[WHAT THIS TASK INVOLVES] Only one stretch of the listing below is wanted. Give it again exactly, from the line with "unfolding optimal_action_def" through the line with "set as \<subseteq>".

[EXERCISE DATA]
lemma lane_empty_if_buf_zero:
  assumes "wf_state L W C s" "i \<in> {1..L}" "\<forall>j\<in>{1..W}. buf W s i j = 0"
  shows "lanes s i = []"
proof (rule ccontr)
  assume "lanes s i \<noteq> []"
  moreover have "1 \<le> W" "set (lanes s i) \<subseteq> {1..C}"
    using assms(1,2) by (auto simp: wf_state_def)
  moreover have "buf W s i W = 0"
    using assms(3) \<open>1 \<le> W\<close> by auto
  ultimately show False
    by (cases "lanes s i") (auto simp: buf_def)
qed

theorem corollary1:
  fixes L W C i :: nat and s :: pstate
  assumes "wf_state L W C s"
    and "prev s \<noteq> 0"
    and "next_up s = prev s"
    and "i \<in> {1..L}"
    and "\<forall>j\<in>{1..W}. buf W s i j = 0"
  shows "optimal_action L W s (L + i)"
  unfolding optimal_action_def
proof (intro allI impI)
  fix a' as' assume actions: "a' \<in> {1..2*L} \<and> set as' \<subseteq> {1..2*L}"
  obtain rest where up: "upstream s = prev s # rest"
    using assms(2,3) unfolding next_up_def by (cases "upstream s") auto
  have "extra_upstream_car (prev s) s (s\<lparr>upstream := rest\<rparr>)"
    using up by (simp add: extra_upstream_car_def)
  then obtain \<tau> where "set \<tau> \<subseteq> set (a' # as')"
    "cum_reward L W s (a' # as') \<le> 1 + cum_reward L W (s\<lparr>upstream := rest\<rparr>) \<tau>"
    using extra_upstream_car_cum_reward_le by blast
  moreover have "cum_reward L W s ((L + i) # i # \<tau>) = 1 + cum_reward L W (s\<lparr>upstream := rest\<rparr>) \<tau>"
    using cum_reward_fast_track[OF assms(4) _ lane_empty_if_buf_zero[OF assms(1,4,5)] up] assms(1)
    by (simp add: wf_state_def)
  ultimately show "\<exists>as. set as \<subseteq> {1..2*L} \<and> cum_reward L W s (a' # as') \<le> cum_reward L W s ((L + i) # as)"
    using actions assms(4) by (intro exI[of _ "i # \<tau>"]) auto
qed

end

[SOLUTION TO THE EXERCISE]
  unfolding optimal_action_def
proof (intro allI impI)
  fix a' as' assume actions: "a' \<in> {1..2*L} \<and> set as' \<subseteq> {1..2*L}"
  obtain rest where up: "upstream s = prev s # rest"
    using assms(2,3) unfolding next_up_def by (cases "upstream s") auto
  have "extra_upstream_car (prev s) s (s\<lparr>upstream := rest\<rparr>)"
    using up by (simp add: extra_upstream_car_def)
  then obtain \<tau> where "set \<tau> \<subseteq> set (a' # as')"
    "cum_reward L W s (a' # as') \<le> 1 + cum_reward L W (s\<lparr>upstream := rest\<rparr>) \<tau>"
    using extra_upstream_car_cum_reward_le by blast
  moreover have "cum_reward L W s ((L + i) # i # \<tau>) = 1 + cum_reward L W (s\<lparr>upstream := rest\<rparr>) \<tau>"
    using cum_reward_fast_track[OF assms(4) _ lane_empty_if_buf_zero[OF assms(1,4,5)] up] assms(1)
    by (simp add: wf_state_def)
  ultimately show "\<exists>as. set as \<subseteq> {1..2*L} \<and> cum_reward L W s (a' # as') \<le> cum_reward L W s ((L + i) # as)"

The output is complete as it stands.